3 year old kids can navigate a tablet, and it's only going to get easier.
 
I'd disagree with that, if anything computers of any sort have gotten consistently easier to use.
3 year old kids can navigate a tablet, and it's only going to get easier.
They're being raised with them. My mother still types e-mails with all caps.
 
But no one trained them how to use them. People literally hand the kid a tablet and let them go. It's that easy.

I've worked with immigrants and refugees. The kids learn English in weeks and the parents struggle for years. Kids are learning machines.
 
Definitely. I'm in my 50s and have been using computers since the 1980s. My parents use computers daily. Bill Gates and Steve Jobs were born before me. I'm not an especially technological person and have never learned how to program or anything like that but I've used computers almost daily for decades.
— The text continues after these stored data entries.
theorem corollary4p2:
  fixes \<Omega> :: "'a::euclidean_space set"
    and f g u :: "'a \<Rightarrow> real"
    and gt :: "real \<Rightarrow> 'a \<Rightarrow> real"
    and \<alpha> \<sigma> c\<^sub>1 c\<^sub>2 k\<^sub>1 k\<^sub>2 :: real
  assumes dom: "bounded_domain_cont_bdry \<Omega>"
    and RHS1: "continuous_on \<Omega> f" "bounded (f ` \<Omega>)"
    and RHS2a: "(\<exists>c>0. \<forall>x\<in>\<Omega>. f x \<le> - c) \<or> (\<exists>c>0. \<forall>x\<in>\<Omega>. f x \<ge> c)"
    and BC1: "continuous_on (frontier \<Omega>) g"
    and BC2: "\<forall>\<epsilon>>0. continuous_on (closure \<Omega>) (gt \<epsilon>)"
      "\<forall>\<beta>\<in>{0..1}. holder_on \<beta> (frontier \<Omega>) g \<longrightarrow>
         (\<exists>L C. \<forall>\<epsilon>>0. holder_on \<beta> (closure \<Omega>) (gt \<epsilon>) \<and> holder_const \<beta> L (closure \<Omega>) (gt \<epsilon>)
                 \<and> (\<forall>x\<in>frontier \<Omega>. \<bar>g x - gt \<epsilon> x\<bar> \<le> C * \<epsilon> powr \<beta>))"
    and alpha: "0 < \<alpha>" "\<alpha> \<le> 1"
    and f_hol: "holder_on \<alpha> \<Omega> f"
    and g_hol: "holder_on \<alpha> (frontier \<Omega>) g"
    and visc: "viscosity_solution \<Omega> f g u"
    and u_hol: "holder_on \<alpha> (closure \<Omega>) u"
    and sigma: "\<sigma> \<ge> 1"
    and params: "0 < c\<^sub>1" "c\<^sub>1 \<le> c\<^sub>2" "0 < k\<^sub>1" "k\<^sub>1 \<le> k\<^sub>2"
  shows "\<exists>C h\<^sub>0. C > 0 \<and> h\<^sub>0 > 0 \<and>
    (\<forall>(\<T> :: 'a set set) \<epsilon> \<theta> S uh.
       mesh \<T> \<and> quasiuniform \<sigma> \<T> \<and> mesh_size \<T> < h\<^sub>0 \<and>
       inner_set \<Omega> (mesh_size \<T>) \<subseteq> mesh_domain \<T> \<and> mesh_domain \<T> \<subseteq> \<Omega> \<and>
       mesh_size \<T> \<le> \<epsilon> \<and> \<epsilon> \<le> diameter \<Omega> \<and> 0 < \<theta> \<and> \<theta> \<le> 1 \<and>
       c\<^sub>1 * mesh_size \<T> powr (\<alpha> / (2 + \<alpha>)) \<le> \<epsilon> \<and>
       \<epsilon> \<le> c\<^sub>2 * mesh_size \<T> powr (\<alpha> / (2 + \<alpha>)) \<and>
       k\<^sub>1 * mesh_size \<T> \<le> \<epsilon> * \<theta> \<and> \<epsilon> * \<theta> \<le> k\<^sub>2 * mesh_size \<T> \<and>
       direction_set \<theta> S \<and>
       discrete_solution \<Omega> \<T> \<epsilon> S f (gt \<epsilon>) uh
       \<longrightarrow> (\<forall>x\<in>mesh_domain \<T>. \<bar>u x - uh x\<bar> \<le> C * mesh_size \<T> powr (\<alpha>\<^sup>2 / (2 + \<alpha>))))"
proof -
  obtain L where L: "L \<ge> 0" "holder_const \<alpha> L (closure \<Omega>) u"
    using u_hol by (rule holder_on_nonneg_const)
  obtain M where M: "M \<ge> 0" "\<And>x. x \<in> closure \<Omega> \<Longrightarrow> \<bar>u x\<bar> \<le> M"
    using holder_on_abs_bound[OF u_hol] by blast
  obtain Lf where Lf: "Lf \<ge> 0" "holder_const \<alpha> Lf \<Omega> f"
    using f_hol by (rule holder_on_nonneg_const)
  have "\<alpha> \<in> {0..1}"
    using alpha by simp
  then obtain Lg Cg where gt: "\<And>\<epsilon>. \<epsilon> > 0 \<Longrightarrow> holder_const \<alpha> Lg (closure \<Omega>) (gt \<epsilon>)"
    "\<And>\<epsilon>. \<epsilon> > 0 \<Longrightarrow> \<forall>x\<in>frontier \<Omega>. \<bar>g x - gt \<epsilon> x\<bar> \<le> Cg * \<epsilon> powr \<alpha>" "Lg \<ge> 0" "Cg \<ge> 0"
    using boundary_extension_nonneg_consts[OF BC2(2) g_hol] by blast
  obtain c where c: "c > 0" "(\<forall>y\<in>\<Omega>. f y \<ge> c) \<or> (\<forall>y\<in>\<Omega>. f y \<le> - c)"
    using RHS2a by blast
  show ?thesis
    using convergence_rate[where ?c2.0 = c\<^sub>2 and ?k2.0 = k\<^sub>2,
        OF dom visc L(2,1) M(2,1) Lf(2,1) c gt alpha params(1)]
    by blast
qed

end
lemma pos_ge_if_bwd_boundary:
  assumes "strip_convex A" "(t, bwd t) \<in> boundary A" "s \<in> A" "strip s = strip t"
  shows "pos t \<le> pos s"
proof (rule ccontr)
  assume "\<not> pos t \<le> pos s"
  have "nbr (bwd t) t \<in> A"
  proof (rule assms(1)[unfolded strip_convex_def, rule_format, of s t])
    show "t \<in> A" using assms(2) by (simp add: boundary_def)
    show "pos s \<le> pos (nbr (bwd t) t)" using \<open>\<not> pos t \<le> pos s\<close> by (simp add: pos_nbr_bwd)
  qed (use assms(3,4) in \<open>simp_all add: strip_nbr_bwd pos_nbr_bwd\<close>)
  with assms(2) show False by (simp add: boundary_def)
qed

lemma card_strip_boundary_le:
  assumes "finite A" "strip_convex A"
  shows "card (strip_boundary A v) \<le> 2"
proof (cases "v \<in> strip ` A")
  case False
  then have "strip_boundary A v = {}" by (auto simp: strip_boundary_def boundary_def)
  then show ?thesis by simp
next
  case True
  obtain tl where tl: "tl \<in> A" "strip tl = v" "\<And>s. s \<in> A \<Longrightarrow> strip s = v \<Longrightarrow> pos s \<le> pos tl"
    by (blast intro: strip_has_last[OF assms(1) True])
  obtain tf where tf: "tf \<in> A" "strip tf = v" "\<And>s. s \<in> A \<Longrightarrow> strip s = v \<Longrightarrow> pos tf \<le> pos s"
    by (blast intro: strip_has_first[OF assms(1) True])
  have "strip_boundary A v \<subseteq> {(tl, fwd tl), (tf, bwd tf)}"
  proof
    fix p assume "p \<in> strip_boundary A v"
    then obtain t d where p: "p = (t, d)" and t: "(t, d) \<in> boundary A" "t \<in> A" "strip t = v"
      and "d \<in> dirs"
      by (auto simp: strip_boundary_def boundary_def)
    from dirs_cases[OF \<open>d \<in> dirs\<close>] consider "d = fwd t" | "d = bwd t" by blast
    then show "p \<in> {(tl, fwd tl), (tf, bwd tf)}"
    proof cases
      case 1
      with t(1) have "pos tl \<le> pos t"
        using pos_le_if_fwd_boundary[OF assms(2) _ tl(1)] t(3) tl(2) by simp
      then have "t = tl"
        using tl(3)[OF t(2,3)] t(3) tl(2) by (intro strip_pos_inj) simp_all
      with 1 p show ?thesis by simp
    next
      case 2
      with t(1) have "pos t \<le> pos tf"
        using pos_ge_if_bwd_boundary[OF assms(2) _ tf(1)] t(3) tf(2) by simp
      then have "t = tf"
        using tf(3)[OF t(2,3)] t(3) tf(2) by (intro strip_pos_inj) simp_all
      with 2 p show ?thesis by simp
    qed
  qed
  then have "card (strip_boundary A v) \<le> card {(tl, fwd tl), (tf, bwd tf)}"
    by (rule card_mono[rotated]) simp
  also have "\<dots> \<le> 2" by (simp add: card_insert_if)
  finally show ?thesis .
qed

lemma card_boundary_dirs_eq_sum:
  assumes "finite A"
  shows "card {(t, d) \<in> boundary A. d \<in> dirs} = (\<Sum>v\<in>strip ` A. card (strip_boundary A v))"
proof -
  have "{(t, d) \<in> boundary A. d \<in> dirs} = (\<Union>v\<in>strip ` A. strip_boundary A v)"
    by (auto simp: strip_boundary_def boundary_def)
  also have "card \<dots> = (\<Sum>v\<in>strip ` A. card (strip_boundary A v))"
  proof (rule card_UN_disjoint)
    show "\<forall>v\<in>strip ` A. finite (strip_boundary A v)"
      using finite_strip_boundary[OF assms] by blast
  qed (auto simp: assms strip_boundary_def)
  finally show ?thesis .
qed

lemma two_card_strips_le:
  "finite A \<Longrightarrow> 2 * card (strip ` A) \<le> card {(t, d) \<in> boundary A. d \<in> dirs}"
  using sum_bounded_below[of "strip ` A" 2 "\<lambda>v. card (strip_boundary A v)"]
  by (simp add: card_boundary_dirs_eq_sum card_strip_boundary_ge mult.commute)

lemma card_boundary_dirs_le:
  "finite A \<Longrightarrow> strip_convex A \<Longrightarrow>
    card {(t, d) \<in> boundary A. d \<in> dirs} \<le> 2 * card (strip ` A)"
  using sum_bounded_above[of "strip ` A" "\<lambda>v. card (strip_boundary A v)" 2]
  by (simp add: card_boundary_dirs_eq_sum card_strip_boundary_le mult.commute)

definition monotone_along :: "(tile \<Rightarrow> int) \<Rightarrow> bool" where
  "monotone_along f \<longleftrightarrow> (\<forall>s t. strip s = strip t \<longrightarrow> pos s \<le> pos t \<longrightarrow> f s \<le> f t)"

lemma strip_convex_Int: "strip_convex A \<Longrightarrow> strip_convex B \<Longrightarrow> strip_convex (A \<inter> B)"
  unfolding strip_convex_def by blast

lemma strip_convex_interval:
  assumes "monotone_along f \<or> monotone_along (\<lambda>t. - f t)"
  shows "strip_convex {t. f t \<in> {lo..hi}}"
  using assms unfolding strip_convex_def monotone_along_def
  by (smt (verit, best) atLeastAtMost_iff mem_Collect_eq)

end

text \<open>xc, yc and zc index the strips between consecutive lattice lines a = const, b = const
  and a + b = const.\<close>

fun xc :: "tile \<Rightarrow> int" where "xc (a, b, u) = a"
fun yc :: "tile \<Rightarrow> int" where "yc (a, b, u) = b"
fun zc :: "tile \<Rightarrow> int" where "zc (a, b, u) = a + b + (if u then 0 else 1)"
fun is_up :: "tile \<Rightarrow> bool" where "is_up (a, b, u) = u"

fun posx :: "tile \<Rightarrow> int" where "posx (a, b, u) = 2 * b + (if u then 0 else 1)"
fun posy :: "tile \<Rightarrow> int" where "posy (a, b, u) = 2 * a + (if u then 0 else 1)"

lemma coordinate_eqs:
  "posx t = 2 * yc t + (if is_up t then 0 else 1)" "posy t = 2 * xc t + (if is_up t then 0 else 1)"
  "zc t = xc t + yc t + (if is_up t then 0 else 1)"
  by (cases t; simp)+

interpretation xs: strip_family xc posx
  "\<lambda>t. if is_up t then 2 else 0" "\<lambda>t. if is_up t then 0 else 2" "{0, 2}"
proof unfold_locales
  show "xc s = xc t \<Longrightarrow> posx s = posx t \<Longrightarrow> s = t" for s t
    by (cases s rule: tile_cases; cases t rule: tile_cases) (auto, presburger+)
qed (auto simp: nbr.simps elim: tile_cases)

interpretation ys: strip_family yc posy
  "\<lambda>t. if is_up t then 2 else 1" "\<lambda>t. if is_up t then 1 else 2" "{1, 2}"
proof unfold_locales
  show "yc s = yc t \<Longrightarrow> posy s = posy t \<Longrightarrow> s = t" for s t
    by (cases s rule: tile_cases; cases t rule: tile_cases) (auto, presburger+)
qed (auto simp: nbr.simps elim: tile_cases)

interpretation zs: strip_family zc posx
  "\<lambda>t. if is_up t then 1 else 0" "\<lambda>t. if is_up t then 0 else 1" "{0, 1}"
proof unfold_locales
  show "zc s = zc t \<Longrightarrow> posx s = posx t \<Longrightarrow> s = t" for s t
    by (cases s rule: tile_cases; cases t rule: tile_cases) (auto, presburger+)
qed (auto simp: nbr.simps elim: tile_cases)

lemma card_boundary_sides_in:
  assumes "finite A" "finite P"
  shows "card {(t, d) \<in> boundary A. d \<in> P} = (\<Sum>i\<in>P. card {(t, d) \<in> boundary A. d = i})"
proof -
  have "{(t, d) \<in> boundary A. d \<in> P} = (\<Union>i\<in>P. {(t, d) \<in> boundary A. d = i})"
    by auto
  also have "card \<dots> = (\<Sum>i\<in>P. card {(t, d) \<in> boundary A. d = i})"
    by (rule card_UN_disjoint)
      (auto simp: assms(2) intro: finite_subset[OF _ finite_boundary[OF assms(1)]])
  finally show ?thesis .
qed

lemma two_perimeter_eq:
  assumes "finite A"
  shows "2 * perimeter A = card {(t, d) \<in> boundary A. d \<in> {0, 2}}
    + card {(t, d) \<in> boundary A. d \<in> {1, 2}} + card {(t, d) \<in> boundary A. d \<in> {0, 1}}"
proof -
  have "boundary A = {(t, d) \<in> boundary A. d \<in> {0, 1, 2}}"
    by (auto simp: boundary_def)
  then have "perimeter A = card {(t, d) \<in> boundary A. d \<in> {0, 1, 2}}"
    by (simp add: perimeter_eq_card_boundary)
  then show ?thesis
    using card_boundary_sides_in[OF assms, of "{0, 1, 2}"]
      card_boundary_sides_in[OF assms, of "{0, 2}"] card_boundary_sides_in[OF assms, of "{1, 2}"]
      card_boundary_sides_in[OF assms, of "{0, 1}"]
    by simp
qed

lemma card_strips_le_perimeter:
  "finite A \<Longrightarrow> card (xc ` A) + card (yc ` A) + card (zc ` A) \<le> perimeter A"
  using xs.two_card_strips_le ys.two_card_strips_le zs.two_card_strips_le two_perimeter_eq
  by fastforce
lemma sum_inverse_abs_int_le_harm:
  fixes I :: "int set"
  assumes "finite I" "0 \<notin> I"
  shows "(\<Sum>j\<in>I. 1 / \<bar>real_of_int j\<bar>) \<le> 2 * harm (card I)"
proof -
  have half: "(\<Sum>j\<in>K. 1 / \<bar>real_of_int j\<bar>) \<le> harm (card I)" if "K \<subseteq> I" "inj_on abs K" for K
  proof -
    have inj: "inj_on (nat \<circ> abs) K"
      using that by (auto simp: inj_on_def)
    have "finite K"
      using \<open>K \<subseteq> I\<close> assms(1) by (rule finite_subset)
    have "(\<Sum>j\<in>K. 1 / \<bar>real_of_int j\<bar>) = (\<Sum>m\<in>(nat \<circ> abs) ` K. 1 / real m)"
      unfolding sum.reindex[OF inj] by simp
    also have "\<dots> \<le> harm (card ((nat \<circ> abs) ` K))"
      using \<open>finite K\<close> that assms(2) by (intro sum_inverse_le_harm) auto
    also have "\<dots> \<le> harm (card I)"
      using card_mono[OF assms(1) \<open>K \<subseteq> I\<close>] card_image[OF inj] by (simp add: harm_mono)
    finally show ?thesis .
  qed
  have "I = {j\<in>I. 0 < j} \<union> {j\<in>I. j < 0}"
    using assms(2) less_linear[of 0] by blast
  then have "(\<Sum>j\<in>I. 1 / \<bar>real_of_int j\<bar>)
      = (\<Sum>j\<in>{j\<in>I. 0 < j}. 1 / \<bar>real_of_int j\<bar>) + (\<Sum>j\<in>{j\<in>I. j < 0}. 1 / \<bar>real_of_int j\<bar>)"
    using assms(1) by (metis (no_types, lifting) finite_Un sum.union_disjoint disjoint_iff mem_Collect_eq not_less_iff_gr_or_eq)
  also have "\<dots> \<le> harm (card I) + harm (card I)"
    by (intro add_mono half) (auto simp: inj_on_def)
  finally show ?thesis
    by simp
qed

lemma sum_inverse_separated:
  fixes r :: "'q \<Rightarrow> real"
  assumes "finite F" "0 < \<delta>"
    and far: "\<And>q. q \<in> F \<Longrightarrow> \<delta> \<le> \<bar>r q\<bar>"
    and sparse: "\<And>q. q \<in> F \<Longrightarrow> real (card {q'\<in>F. \<bar>r q - r q'\<bar> < \<delta>}) \<le> D"
  shows "(\<Sum>q\<in>F. 1 / \<bar>r q\<bar>) \<le> 4 * D / \<delta> * harm (card F)"
proof (cases "F = {}")
  case False
  define i where "i q = \<lfloor>r q / \<delta>\<rfloor>" for q
  have bin: "0 \<le> r q - of_int (i q) * \<delta>" "r q - of_int (i q) * \<delta> < \<delta>" for q
    using \<open>0 < \<delta>\<close> floor_divide_lower[of \<delta> "r q"] floor_divide_upper[of \<delta> "r q"]
    by (simp_all add: i_def algebra_simps)
  have i_nonzero: "i q \<noteq> 0" and inverse_le: "1 / \<bar>r q\<bar> \<le> 2 / \<delta> * (1 / \<bar>real_of_int (i q)\<bar>)"
    if "q \<in> F" for q
  proof -
    show "i q \<noteq> 0"
      using bin[of q] far[OF that] by auto
    have "\<bar>real_of_int (i q)\<bar> * \<delta> \<le> \<bar>r q\<bar> + \<delta>"
      using bin[of q] \<open>0 < \<delta>\<close> by (simp add: abs_le_iff abs_mult)
    then have "\<bar>real_of_int (i q)\<bar> * \<delta> \<le> 2 * \<bar>r q\<bar>"
      using far[OF that] by linarith
    then show "1 / \<bar>r q\<bar> \<le> 2 / \<delta> * (1 / \<bar>real_of_int (i q)\<bar>)"
      using \<open>i q \<noteq> 0\<close> far[OF that] \<open>0 < \<delta>\<close> by (simp add: field_simps)
  qed
  have bin_card: "real (card {q\<in>F. i q = j}) \<le> D" if j: "j \<in> i ` F" for j
  proof -
    obtain q0 where "q0 \<in> F" "i q0 = j"
      using j by blast
    have "{q\<in>F. i q = j} \<subseteq> {q'\<in>F. \<bar>r q0 - r q'\<bar> < \<delta>}"
    proof safe
      fix q
      assume "q \<in> F" "j = i q"
      then have "of_int (i q) * \<delta> = of_int (i q0) * \<delta>"
        using \<open>i q0 = j\<close> by simp
      then show "\<bar>r q0 - r q\<bar> < \<delta>"
        using bin[of q] bin[of q0] by (simp add: abs_less_iff)
    qed
    then have "card {q\<in>F. i q = j} \<le> card {q'\<in>F. \<bar>r q0 - r q'\<bar> < \<delta>}"
      using \<open>finite F\<close> by (intro card_mono) auto
    then show ?thesis
      using sparse[OF \<open>q0 \<in> F\<close>] by linarith
  qed
  have "0 \<le> D"
    using False sparse by (meson all_not_in_conv of_nat_0_le_iff order_trans)
  have "(\<Sum>q\<in>F. 1 / \<bar>r q\<bar>) \<le> (\<Sum>q\<in>F. 2 / \<delta> * (1 / \<bar>real_of_int (i q)\<bar>))"
    by (intro sum_mono inverse_le)
  also have "\<dots> = (\<Sum>j\<in>i ` F. real (card {q\<in>F. i q = j}) * (2 / \<delta> * (1 / \<bar>real_of_int j\<bar>)))"
    using \<open>finite F\<close> by (subst sum.group[symmetric, of F "i ` F" i]) auto
  also have "\<dots> \<le> (\<Sum>j\<in>i ` F. D * (2 / \<delta> * (1 / \<bar>real_of_int j\<bar>)))"
    using \<open>0 < \<delta>\<close> by (intro sum_mono mult_right_mono bin_card) auto
  also have "\<dots> = 2 * D / \<delta> * (\<Sum>j\<in>i ` F. 1 / \<bar>real_of_int j\<bar>)"
    by (simp add: sum_distrib_left ac_simps)
  also have "\<dots> \<le> 2 * D / \<delta> * (2 * harm (card (i ` F)))"
    using \<open>finite F\<close> i_nonzero \<open>0 \<le> D\<close> \<open>0 < \<delta>\<close>
    by (intro mult_left_mono sum_inverse_abs_int_le_harm) auto
  also have "\<dots> \<le> 2 * D / \<delta> * (2 * harm (card F))"
    using \<open>finite F\<close> \<open>0 \<le> D\<close> \<open>0 < \<delta>\<close>
    by (intro mult_left_mono harm_mono card_image_le) auto
  finally show ?thesis
    by simp
qed (simp add: harm_def)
This for me too. I was involved in uses for (and problems of using) the Internet as soon as it was coming in.
 
I'd argue that KeithD and Simon are actually far more tech savvy than my generation, the "digital natives" who grew up with it.
Had a Computer Science Prof in college who wrote WYSIWYG on the board and asked if any of us knew what it meant. 60 some odd Freshman and Sophmores, one guy raises his hand, the old guy in the class, in his 40s.
He went into the history of word processors, back in the day with no mice you just had to know a bunch of commands to make anything happen. And no Googling or YouTube to bail you put.
Told my Great-grandmother about it later, she's in her 90s and she laughed and told me about learning Word Perfect and Lotus 123 when the office she worked in went to computers.
I realized really quickly my generation is on easy mode.
 
And no Googling or YouTube to bail you put.
Yeah, I had to learn programming from books. Spent a lot of time in B&N agonizing over which one to spend my last twenty bucks on.
I'd argue that KeithD and Simon are actually far more tech savvy than my generation, the "digital natives" who grew up with it.
"Tech" is no longer a single category. I can write code, but I don't know much about using a tablet/phone beyond basic stuff. I can't physically repair a computer, aside from the most basic stuff. I use Linux, but mostly because it makes programming easier. And because it's free, it has better security, it doesn't do wierd shit when it updates, and for other uses it isn't much different than other desktop OSs now. I can't do much fancy stuff with it. But put me in front of a Windows computer now, and I'm lost. And I never really did get Mac's way of doing things.

'Savvy' comes in a lot of nearly unrelated flavors.